How to use AI responsibly in sustainability reporting
A few practical habits separate the organisations whose AI-assisted reports hold up under scrutiny from those that get caught out:
- Keep a person accountable for every disclosed number, even when AI produced the first draft.
- Require a traceable source for every emissions figure. If the system can’t show its work, don’t publish it.
- Run periodic greenwashing and AI-governance reviews, not a one-time compliance check.
- Disclose the energy and water cost of your AI stack alongside the emissions it helps you report.
- Use AI to speed up data work, not to replace judgment on strategy or interpretation.
Frequently asked questions
AI can dramatically speed up data collection and cleaning, especially for hard-to-reach Scope 3 emissions. Accuracy depends on the quality of the underlying emissions-factor data and whether every number can be traced back to its source. General-purpose AI without sector-specific data can produce plausible-looking but inaccurate estimates.
AI greenwashing refers to AI systems generating or amplifying misleading environmental claims, either by hallucinating unverified figures or by helping companies produce polished sustainability messaging faster than it can be fact-checked.
AI data centres consume an estimated 450–500 TWh of electricity annually, around 2% of global demand, and are projected to generate 2.5–3.7% of global greenhouse gas emissions — a share that has overtaken commercial aviation.

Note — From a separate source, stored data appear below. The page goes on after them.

(* For all matroids $M$ and $N$ on disjoint finite sets, $$\mathrm{T}(M\mathbin{\Box} N)=\begin{cases} M\mathbin{\Box}\mathrm{T}N & \text{if } \rho(N)>0,\\ \mathrm{T}M\mathbin{\Box} N & \text{if } \rho(N)=0,\end{cases}\qquad \mathrm{L}(M\mathbin{\Box} N)=\begin{cases}\mathrm{L}M\mathbin{\Box} N & \text{if } \nu(M)>0,\\ M\mathbin{\Box}\mathrm{L}N & \text{if } \nu(M)=0.\end{cases}$$
   Context: For a matroid $M$ on $S$ write $\rho_M$ for rank, $\rho(M)=\rho_M(S)$, $\nu_M(A)=|A|-\rho_M(A)$, $\nu(M)=\nu_M(S)$, $\lambda_M(A)=\rho(M)-\rho_M(A)$. For matroids $M$ on $S$ and $N$ on $T$ with $S\cap T=\emptyset$, the free product $M\mathbin{\Box} N$ is the matroid on $S\cup T$ whose independent sets are those $A$ with $A\cap S$ independent in $M$ and $\lambda_M(A\cap S)\geq\nu_N(A\cap T)$. The truncation $\mathrm{T}M$ has as independent sets the independent sets $A$ of $M$ with $|A|\leq\max\{0,\rho(M)-1\}$; the Higgs lift $\mathrm{L}M$ has as independent sets the subsets $A$ of the ground set with $\nu_M(A)\leq 1$. *)

theory Defs
  imports Main
begin

type_synonym 'a matroid = "'a set \<times> 'a set set"

definition ground :: "'a matroid \<Rightarrow> 'a set" where
  "ground M = fst M"

definition indeps :: "'a matroid \<Rightarrow> 'a set set" where
  "indeps M = snd M"

definition matroid :: "'a matroid \<Rightarrow> bool" where
  "matroid M \<longleftrightarrow> finite (ground M) \<and>
     (\<forall>A \<in> indeps M. A \<subseteq> ground M) \<and>
     {} \<in> indeps M \<and>
     (\<forall>A B. A \<in> indeps M \<and> B \<subseteq> A \<longrightarrow> B \<in> indeps M) \<and>
     (\<forall>A B. A \<in> indeps M \<and> B \<in> indeps M \<and> card A < card B \<longrightarrow>
        (\<exists>x \<in> B - A. insert x A \<in> indeps M))"

definition rk :: "'a matroid \<Rightarrow> 'a set \<Rightarrow> nat" where
  "rk M A = Max (card ` {I. I \<in> indeps M \<and> I \<subseteq> A})"

definition rank :: "'a matroid \<Rightarrow> nat" where
  "rank M = rk M (ground M)"

definition nullity_set :: "'a matroid \<Rightarrow> 'a set \<Rightarrow> nat" where
  "nullity_set M A = card A - rk M A"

Responsible AI starts with transparency
AI has the potential to transform sustainability reporting, but it can also introduce risk if used without appropriate oversight. The difference comes down to three things: clarity about what the data represents and where it came from, transparency around the AI’s role and its limitations, and robust governance to ensure outputs are accurate, reliable, and fit for purpose. That’s what makes a sustainability claim credible.